Elizabeth knows what she is about to say is irrational, but the words are out there before she can stop them. Perhaps because she is in this strange, wild, and utterly foreign world, the sense of propriety that usually would rein her in has evaporated in the stultifying heat. Perhaps it has something to do with the loss of Armen. Perhaps it has to do with meeting Armen in the first place. No matter. “Stay with us,” she is saying. “You said you were a doctor’s wife. Well, we need all the help we can get.”

“It’s not possible.”

“Of course it’s possible!”

“And where would I sleep?”

“That’s easy, we have space. The apartments where we’re staying have room,” she says, though of course most of that space will be taken by the missionary and the two doctors who are joining them. Nevertheless, if necessary the woman could share Elizabeth’s bedroom.

Nevart gazes at the emaciated refugees under the canvas. Her immediate reaction still feels like the correct response. Truly, how could she leave these people? How could she desert them? What right has she to live when the others will, in all likelihood, perish in the next stretch of their trek across this torturous wasteland? It was simply that this American saw her first.

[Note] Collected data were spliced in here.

lemma left_unit: "atom a \<Longrightarrow> ident_atom (left_unit a) \<and> a \<preceq> left_unit a \<odot> a"
  unfolding left_unit_def by (rule theI') (use left_unit_exists left_unit_unique in blast)

lemma left_unit_eqI: "atom a \<Longrightarrow> ident_atom d \<Longrightarrow> a \<preceq> d \<odot> a \<Longrightarrow> left_unit a = d"
  using left_unit left_unit_unique by blast

lemma left_unit_ident_atom: "ident_atom d \<Longrightarrow> left_unit d = d"
  by (simp add: ident_atom_leq_comp_self left_unit_eqI)

lemma leq_comp_ident_atom_iff: "ident_atom d \<Longrightarrow> a \<preceq> a \<odot> d \<longleftrightarrow> a\<^sup>\<smile> \<preceq> d \<odot> a\<^sup>\<smile>"
  by (metis conv_comp conv_ident_atom conv_leq_iff)

lemma right_unit: "atom a \<Longrightarrow> ident_atom (right_unit a) \<and> a \<preceq> a \<odot> right_unit a"
  unfolding right_unit_def using left_unit atom_conv leq_comp_ident_atom_iff by blast

lemma right_unit_eqI: "atom a \<Longrightarrow> ident_atom d \<Longrightarrow> a \<preceq> a \<odot> d \<Longrightarrow> right_unit a = d"
  unfolding right_unit_def using left_unit_eqI atom_conv leq_comp_ident_atom_iff by blast

abbreviation B where "B \<equiv> wa_B (\<oplus>) compl (\<odot>) e"

lemma proj_simps [simp]: "proj 0 (a, b, d) = a" "proj (Suc 0) (a, b, d) = b" "proj 2 (a, b, d) = d"
  by (simp_all add: proj_def)

lemma proj_diag [simp]: "proj i (d, d, d) = d"
  by (simp add: proj_def)

lemma mem_B_iff: "(a, b, d) \<in> B \<longleftrightarrow> atom a \<and> atom b \<and> atom d \<and> b \<preceq> d \<odot> a"
  by (simp add: wa_B_def wa_atoms_def)

lemma mem_B_ident_2: "d \<preceq> e \<Longrightarrow> (a, b, d) \<in> B \<longleftrightarrow> atom a \<and> b = a \<and> d = left_unit a"
  by (metis atom_eq_if_leq_ident_comp left_unit left_unit_eqI mem_B_iff)

lemma mem_B_ident_0: "a \<preceq> e \<Longrightarrow> (a, b, d) \<in> B \<longleftrightarrow> atom b \<and> d = b \<and> a = right_unit b"
  by (metis atom_eq_if_leq_comp_ident right_unit right_unit_eqI mem_B_iff)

“I am serious, Nevart. You must stay here. Remain with us in Aleppo.”

“And when you leave?”

“I don’t know. But at least you’ll be alive. You’ll have regained your health.”

An idea comes to Nevart. She glances at the impeccable carriage of this American and her elegant skirt and blouse. The complexion that exudes good health and a life that has never wanted
for anything. “What really are the conditions in the orphanage?” she asks. “Do you know?”

“No. But we are going there to visit this afternoon.”

“May I join you?”

“Yes, of course.”

“I want to see Hatoun. If she wants to stay with me, then I’ll come with you. But you’ll have to take the two of us.”